Some parents question this with “but isn’t Intuitive Eating all about eating according to your natural hunger cues?” or “What if they aren’t hungry at a meal, but half an hour after they want a snack? Aren’t I DISCOURAGING Intuitive Eating by turning down snack requests when they’re hungry?”
All good questions and valid concerns. And yes, for adults, Intuitive Eating means eating according to your natural hunger cues, tuning into your body and trusting it. But kids don’t yet have the ability to self-regulate the way adults know how to. The choice to eat or not often is made out of preference, and tend to have more concrete thinking patterns, rather than nuanced, abstract thinking.
For example, they may think “That meat and those veggies don’t look yummy, so I’ll just have my piece of bread (safe food) and then wait until after dinner and ask for cereal, because I know I’ll get it”. Whereas an adult might think “ok, so it’s not my favourite food, but I’ll eat enough so that I’m satisfied and have energy for the next 3-4 hours until dinner.”

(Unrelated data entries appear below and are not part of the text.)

lemma linear_form_eq_sum_vars:
  fixes L :: "'k::comm_ring_1 mpoly"
  assumes "L \<in> polyring N" and "homog 1 L"
  shows "L = (\<Sum>i\<in>{1..N}. single (single i 1) (lookup L (single i 1)))"
proof (rule poly_mapping_eqI)
  fix m :: "nat \<Rightarrow>\<^sub>0 nat"
  have sum_eq: "lookup (\<Sum>i\<in>{1..N}. single (single i 1) (lookup L (single i 1))) m
      = (\<Sum>i\<in>{1..N}. if single i 1 = m then lookup L (single i 1) else 0)"
    by (simp only: lookup_sum lookup_single when_def)
  show "lookup L m = lookup (\<Sum>i\<in>{1..N}. single (single i 1) (lookup L (single i 1))) m"
  proof (cases "\<exists>j\<in>{1..N}. m = single j 1")
    case True
    then obtain j where j: "j \<in> {1..N}" "m = single j 1" by blast
    have "(\<Sum>i\<in>{1..N}. if single i 1 = m then lookup L (single i 1) else 0)
        = (\<Sum>i\<in>{1..N}. if i = j then lookup L m else 0)"
      by (rule sum.cong) (simp_all add: j(2))
    then show ?thesis using sum_eq j(1) by simp
  next
    case False
    have "lookup L m = 0"
    proof (rule ccontr)
      assume "lookup L m \<noteq> 0"
      then have "m \<in> keys L" by (simp add: in_keys_iff)
      with assms have "mdeg m = 1" and keys: "keys m \<subseteq> {1..N}"
        unfolding homog_def polyring_def by blast+
      then obtain j where "m = single j 1" using mdeg_eq_1_iff by blast
      with False keys show False by simp
    qed
    moreover have "(\<Sum>i\<in>{1..N}. if single i 1 = m then lookup L (single i 1) else 0) = 0"
      by (rule sum.neutral) (use False in auto)
    ultimately show ?thesis using sum_eq by simp
  qed
qed

section \<open>Face monomials and the defining ideal\<close>

lemma ideal_gen_uminus: "a \<in> ideal_gen (polyring N) Gs \<Longrightarrow> - a \<in> ideal_gen (polyring N) Gs"
  using ideal_gen.mult[of a _ Gs "- 1"] by (simp add: polyring_uminus polyring_one)

lemma ideal_gen_diff:
  "a \<in> ideal_gen (polyring N) Gs \<Longrightarrow> b \<in> ideal_gen (polyring N) Gs \<Longrightarrow>
    a - b \<in> ideal_gen (polyring N) Gs"
  unfolding diff_conv_add_uminus by (intro ideal_gen.add ideal_gen_uminus)

lemma ideal_gen_sum: "(\<And>x. x \<in> A \<Longrightarrow> f x \<in> ideal_gen R Gs) \<Longrightarrow> sum f A \<in> ideal_gen R Gs"
  by (induction A rule: infinite_finite_induct) (simp_all add: ideal_gen.zero ideal_gen.add)
lemma span324_x4_mult: "span324 a m h B Z
    \<Longrightarrow> span324 a (Suc m) h (B + int a) (T (2 * int a) * (x4 * Z))"
proof (induction rule: span324.induct)
  case (span324_zero m h B) thus ?case by (simp add: span324.span324_zero)
next
  case (span324_x2 s m h g e B n)
  show ?case
  proof (cases g)
    case 0
    have "T (2 * int a) * (x4 * (of_int n * T e * (x3^(a+s) * x2^g)))
        = of_int n * T (2 * int a + e + -2 * int (a+s)) * (x3^(a+s) * x4^1)"
      unfolding T_mult_of_int_pull 0 x4_x3_power_x2_0 by (simp only: mult.assoc T_mult_left)
    thus ?thesis using span324_x2 0
      by (intro span324_x4I[where s=s and g=1]) (auto simp: algebra_simps)
  next
    case (Suc g')
    have "T (2 * int a) * (x4 * (of_int n * T e * (x3^(a+s) * x2^g))) =
      of_int n * T (2 * int a + e + (-2 * int (a+s) - 1)) * (x3^(a + Suc s) * x2^g')
          + of_int n * T (2 * int a + e + -2 * int (a+s)) * (x3^(a+s) * x2^g')"
      unfolding T_mult_of_int_pull Suc x4_x3_power_x2_power of_int_T_distrib by simp
    moreover have "span324 a (Suc m) h (B + int a)
        (of_int n * T (2 * int a + e + (-2 * int (a+s) - 1)) * (x3^(a + Suc s) * x2^g'))"
      using span324_x2 Suc
      by (intro span324_x2I[where s="Suc s" and g=g']) (auto simp: algebra_simps)
    moreover have "span324 a (Suc m) h (B + int a)
        (of_int n * T (2 * int a + e + -2 * int (a+s)) * (x3^(a+s) * x2^g'))"
      using span324_x2 Suc by (intro span324_x2I[where s=s and g=g']) (auto simp: algebra_simps)
    ultimately show ?thesis by (simp add: span324.span324_add)
  qed
next
  case (span324_x4 s g m h e B n)
  have "T (2 * int a) * (x4 * (of_int n * T e * (x3^(a+s) * x4^g)))
      = of_int n * T (2 * int a + e + -2 * int (a+s)) * (x3^(a+s) * x4^(Suc g))"
    unfolding T_mult_of_int_pull x4_x3_power_x4_power by (simp only: mult.assoc T_mult_left)
  thus ?case using span324_x4
    by (intro span324_x4I[where s=s and g="Suc g"]) (auto simp: algebra_simps)
next
  case (span324_add m h B x y) thus ?case by (simp add: distrib_left span324.span324_add)
qed

lemma span324_x2_mult: "span324 a m h B Z
    \<Longrightarrow> span324 a m (h + 1) (B - int a + int m) (T (-2 * int a) * (x2 * Z))"
proof (induction rule: span324.induct)
  case (span324_zero m h B) thus ?case by (simp add: span324.span324_zero)
next
  case (span324_x2 s m h g e B n)
  have "T (-2 * int a) * (x2 * (of_int n * T e * (x3^(a+s) * x2^g)))
      = of_int n * T (-2 * int a + e + 2 * int (a+s)) * (x3^(a+s) * x2^(Suc g))"
    unfolding T_mult_of_int_pull x2_x3_power_x2_power by (simp only: mult.assoc T_mult_left)
  thus ?case using span324_x2
    by (intro span324_x2I[where s=s and g="Suc g"]) (auto simp: algebra_simps)
next
  case (span324_x4 s g m h e B n)
  show ?case
  proof (cases g)
    case 0
    have "T (-2 * int a) * (x2 * (of_int n * T e * (x3^(a+s) * x4^g)))
        = of_int n * T (-2 * int a + e + 2 * int (a+s)) * (x3^(a+s) * x2^1)"
      unfolding T_mult_of_int_pull 0 x2_x3_power_x4_0 by (simp only: mult.assoc T_mult_left)
    thus ?thesis using span324_x4 0
      by (intro span324_x2I[where s=s and g=1]) (auto simp: algebra_simps)
  next
    case (Suc g')
    have "T (-2 * int a) * (x2 * (of_int n * T e * (x3^(a+s) * x4^g))) =
      of_int n * T (-2 * int a + e + (2 * int (a+s) + 1)) * (x3^(a + Suc s) * x4^g')
          + of_int n * T (-2 * int a + e + 2 * int (a+s)) * (x3^(a+s) * x4^g')"
      unfolding T_mult_of_int_pull Suc x2_x3_power_x4_power of_int_T_distrib by simp
    moreover have "span324 a m (h + 1) (B - int a + int m)
        (of_int n * T (-2 * int a + e + (2 * int (a+s) + 1)) * (x3^(a + Suc s) * x4^g'))"
      using span324_x4 Suc
      by (intro span324_x4I[where s="Suc s" and g=g']) (auto simp: algebra_simps)
    moreover have "span324 a m (h + 1) (B - int a + int m)
        (of_int n * T (-2 * int a + e + 2 * int (a+s)) * (x3^(a+s) * x4^g'))"
      using span324_x4 Suc by (intro span324_x4I[where s=s and g=g']) (auto simp: algebra_simps)
    ultimately show ?thesis by (simp add: span324.span324_add)
  qed
next
  case (span324_add m h B x y) thus ?case by (simp add: distrib_left span324.span324_add)
qed

lemma x3_power_x4: "x3^i * x4 = T (2 * int i) * (x4 * x3^i)"
  using qcommute_powers[OF commute_34, of i 1] by simp
lemma x3_power_x2_cube: "x3^i * x2^3 = T (-6 * int i) * (x2^3 * x3^i)"
  using qcommute_powers[OF commute_32, of i 3] by simp

lemma x3_power_x4_mult: "x3^a * (x4 * Z) = T (2 * int a) * (x4 * (x3^a * Z))"
  by (simp only: mult.assoc[symmetric] x3_power_x4; simp only: mult.assoc)
lemma x3_power_x2_cube_mult: "x3^a * (x2^3 * Z) = T (-6 * int a) * (x2^3 * (x3^a * Z))"
  by (simp only: mult.assoc[symmetric] x3_power_x2_cube; simp only: mult.assoc)

(* diag30 j = E_(-j,-j), and diag30 (j + 1) = (x4 + q^(-4j-2) x2^3) diag30 j; defect30 j collects
   everything but the leading term x4^j. *)
definition diag30 :: "nat \<Rightarrow> 'a" where "diag30 j = T (- (int j * int j)) * (x3^j * x0^j)"

lemma diag30_0: "diag30 0 = 1" by (simp add: diag30_def)

lemma diag30_Suc: "diag30 (Suc j) = (x4 + T (-8 * int j - 4) * x2^3) * diag30 j"
proof -
  have "diag30 (Suc j) = T (- ((int j + 1) * (int j + 1))) * (x3^j * (x3 * x0) * x0^j)"
    unfolding diag30_def
    by (simp only: power_Suc2[of x3 j] power_Suc[of x0 j] of_nat_Suc add.commute[of 1] mult.assoc)
  also have "\<dots>
      = T (- (int j * int j)) * (x4 * (x3^j * x0^j))
      + T (- (int j * int j) + (-8 * int j - 4)) * (x2^3 * (x3^j * x0^j))"
    by (simp only: exchange_30 distrib_left distrib_right mult.assoc T_pull_X_power T_pull_X
        x3_power_x4_mult x3_power_x2_cube_mult T_mult_left)
      (rule arg_cong2[where f="(+)"]; rule arg_cong[where f="\<lambda>e. T e * _"]; simp add: algebra_simps)
  also have "\<dots> = (x4 + T (-8 * int j - 4) * x2^3) * diag30 j"
    unfolding diag30_def
    by (simp only: distrib_right mult.assoc T_pull_X T_pull_X_power T_mult_left add.commute[of
        "- (int j * int j)"])
  finally show ?thesis .
qed

definition defect30 :: "nat \<Rightarrow> 'a" where "defect30 j = diag30 j - x4^j"

lemma defect30_Suc: "defect30 (Suc j)
    = x4 * defect30 j + T (-8 * int j - 4) * (x2^3 * x4^j)
    + T (-8 * int j - 4) * (x2^3 * defect30 j)"
  unfolding defect30_def diag30_Suc by (simp add: algebra_simps)

lemma x2_cube_assoc: "x2^3 * Z = x2 * (x2 * (x2 * Z))"
  by (simp add: numeral_3_eq_3 mult.assoc)

lemma span324_x2_cube_mult: "span324 a m h B Z
    \<Longrightarrow> span324 a m (h + 3) (B - 3 * int a + 3 * int m) (T (-6 * int a) * (x2^3 * Z))"
proof -
  assume g: "span324 a m h B Z"
  have "span324 a m (h + 1 + 1 + 1) (B - int a + int m - int a + int m - int a + int m)
     (T (-2 * int a) * (x2 * (T (-2 * int a) * (x2 * (T (-2 * int a) * (x2 * Z))))))"
    by (intro span324_x2_mult g)
  moreover have "T (-2 * int a) * (x2 * (T (-2 * int a) * (x2 * (T (-2 * int a) * (x2 * Z)))))
      = T (-6 * int a) * (x2^3 * Z)"
    unfolding x2_cube_assoc by (simp only: T_pull_X T_mult_left) simp
  ultimately show ?thesis by (simp add: algebra_simps)
qed

lemma span324_defect30: "span324 a j 0 (int a * int (Suc j) - 4) (x3^a * defect30 (Suc j))"
proof (induction j)
  case 0
  have "x3^a * defect30 (Suc 0) = of_int 1 * T (-4) * (x3^(a+0) * x2^3)"
    unfolding defect30_def diag30_Suc diag30_0 by (simp add: T_pull_X_power algebra_simps)
  thus ?case by (intro span324_x2I[where s=0 and g=3 and n=1 and e="-4"]) auto
next
  case (Suc j)
  let ?c = "-8 * int (Suc j) - 4"
  have eq: "x3^a * defect30 (Suc (Suc j)) = T (2 * int a) * (x4 * (x3^a * defect30 (Suc j)))
     + T ?c * (T (-6 * int a) * (x2^3 * (x3^a * x4^(Suc j))))
     + T ?c * (T (-6 * int a) * (x2^3 * (x3^a * defect30 (Suc j))))"
    by (simp only: defect30_Suc[of "Suc j"] distrib_left T_pull_X_power x3_power_x4_mult
        x3_power_x2_cube_mult)
  have t1: "span324 a (Suc j) 0 (int a * int (Suc (Suc j)) - 4)
      (T (2 * int a) * (x4 * (x3^a * defect30 (Suc j))))"
    using span324_x4_mult[OF Suc.IH] by (rule span324_mono) (auto simp: algebra_simps)
  have m0: "span324 a (Suc j) 0 (int a * int (Suc j)) (x3^a * x4^(Suc j))"
    by (rule span324_x4I[where s=0 and g="Suc j" and n=1 and e=0]) auto
  have t2: "span324 a (Suc j) 0 (int a * int (Suc (Suc j)) - 4)
      (T ?c * (T (-6 * int a) * (x2^3 * (x3^a * x4^(Suc j)))))"
    using span324_T_mult[OF span324_x2_cube_mult[OF m0], of ?c]
    by (rule span324_mono) (auto simp: algebra_simps)
  have t3: "span324 a (Suc j) 0 (int a * int (Suc (Suc j)) - 4)
      (T ?c * (T (-6 * int a) * (x2^3 * (x3^a * defect30 (Suc j)))))"
    using span324_T_mult[OF span324_x2_cube_mult[OF Suc.IH], of ?c]
    by (rule span324_mono) (auto simp: algebra_simps)
  show ?case unfolding eq using t1 t2 t3 by (intro span324_add)
qed

lemma E_neg_nonneg: "E (- int i) (int g) = T (int i * int g) * (x3^i * x2^g)"
  by (simp add: stdE_def pp_def mult.assoc)
lemma E_neg_neg: "E (- int i) (- int n) = T (- (int i * int n)) * (x3^i * x0^n)"
  by (simp add: stdE_def pp_def mult.assoc)
lemma E_nonneg_nonneg: "E (int s) (int g) = T (- (int s * int g)) * (x1^s * x2^g)"
  by (simp add: stdE_def pp_def mult.assoc)
lemma E_nonneg_neg: "E (int s) (- int n) = T (int s * int n) * (x1^s * x0^n)"
  by (simp add: stdE_def pp_def mult.assoc)
lemma max_self_overlap_nonneg: "A \<in> lmeasurable \<Longrightarrow> 0 \<le> max_self_overlap A"
  using self_overlap_nonneg self_overlap_le_max order_trans by blast

lemma D_eq_max_self_overlap:
  assumes A: "A \<in> lmeasurable"
  shows "D A = max_self_overlap A"
proof -
  define S where "S = {measure lebesgue C | C. C \<in> sets lebesgue \<and> C \<subseteq> A \<and> symmetric_set C}"
  have overlap_in_S: "self_overlap A d \<in> S" for d
  proof -
    have "symmetric_set {x \<in> A. d - x \<in> A}"
      unfolding symmetric_set_def by (rule exI[of _ "d / 2"]) (auto simp: algebra_simps)
    then show ?thesis
      unfolding S_def self_overlap_def using sets_lebesgue_self_overlap_set A by blast
  qed
  have S_le_overlap: "\<exists>d. s \<le> self_overlap A d" if "s \<in> S" for s
  proof -
    obtain C c where C: "s = measure lebesgue C" "C \<in> sets lebesgue" "C \<subseteq> A"
      and c: "\<And>x. c + x \<in> C \<longleftrightarrow> c - x \<in> C"
      using \<open>s \<in> S\<close> unfolding S_def symmetric_set_def by blast
    have "2 * c - y \<in> C" if "y \<in> C" for y
      using c[of "y - c"] that by (simp add: algebra_simps)
    then have "C \<subseteq> {x \<in> A. 2 * c - x \<in> A}" using C(3) by blast
    then have "s \<le> self_overlap A (2 * c)"
      unfolding C(1) self_overlap_def using C(2) A
      by (intro measure_mono_fmeasurable) (auto intro: lmeasurable_self_overlap_set)
    then show ?thesis by blast
  qed
  have "bdd_above S"
  proof (rule bdd_aboveI)
    fix s assume "s \<in> S"
    then obtain d where "s \<le> self_overlap A d" using S_le_overlap by blast
    then show "s \<le> measure lebesgue A" using self_overlap_le_measure[OF A, of d] by linarith
  qed
  then have "Sup S = max_self_overlap A"
    unfolding max_self_overlap_def using overlap_in_S S_le_overlap bdd_above_self_overlap[OF A]
    by (intro antisym cSup_mono) auto
  then show ?thesis unfolding D_def S_def .
qed

section \<open>Sets on the circle and normalized indicator functions\<close>

lemma torus_set_eq_UN: "torus_set E = (\<Union>k::int. (+) (- of_int k) ` E)"
proof (intro set_eqI iffI)
  fix x assume "x \<in> torus_set E"
  then obtain k :: int where "x + of_int k \<in> E" by (auto simp: torus_set_def)
  then have "x \<in> (+) (- of_int k) ` E" by (intro rev_image_eqI[of "x + of_int k"]) auto
  then show "x \<in> (\<Union>k::int. (+) (- of_int k) ` E)" by blast
next
  fix x assume "x \<in> (\<Union>k::int. (+) (- of_int k) ` E)"
  then obtain k :: int and y where "y \<in> E" "x = - of_int k + y" by auto
  then have "x + of_int k \<in> E" by simp
  then show "x \<in> torus_set E" unfolding torus_set_def by blast
qed

lemma sets_lebesgue_torus_set:
  assumes "E \<in> sets lebesgue"
  shows "torus_set E \<in> sets lebesgue"
  unfolding torus_set_eq_UN using lebesgue_sets_translation[OF assms]
  by (intro sets.countable_UN) blast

Kids need some structure and boundaries around food timing so that they can learn to sit and eat until their “tummy is done” (which hopefully means they eat until their comfortably full) and then have time to work up an appetite for the next eating time.
When parents offer a variety of foods at meals and snacks (again, with at least one considerate food), and then let their child decide which foods (and how much) they’ll eat, you’re setting the stage for intuitive eating long term. It’s sort of like a sleep schedule. Babies and toddlers need some guidance and structure for nap times and bedtime in order to get enough sleep.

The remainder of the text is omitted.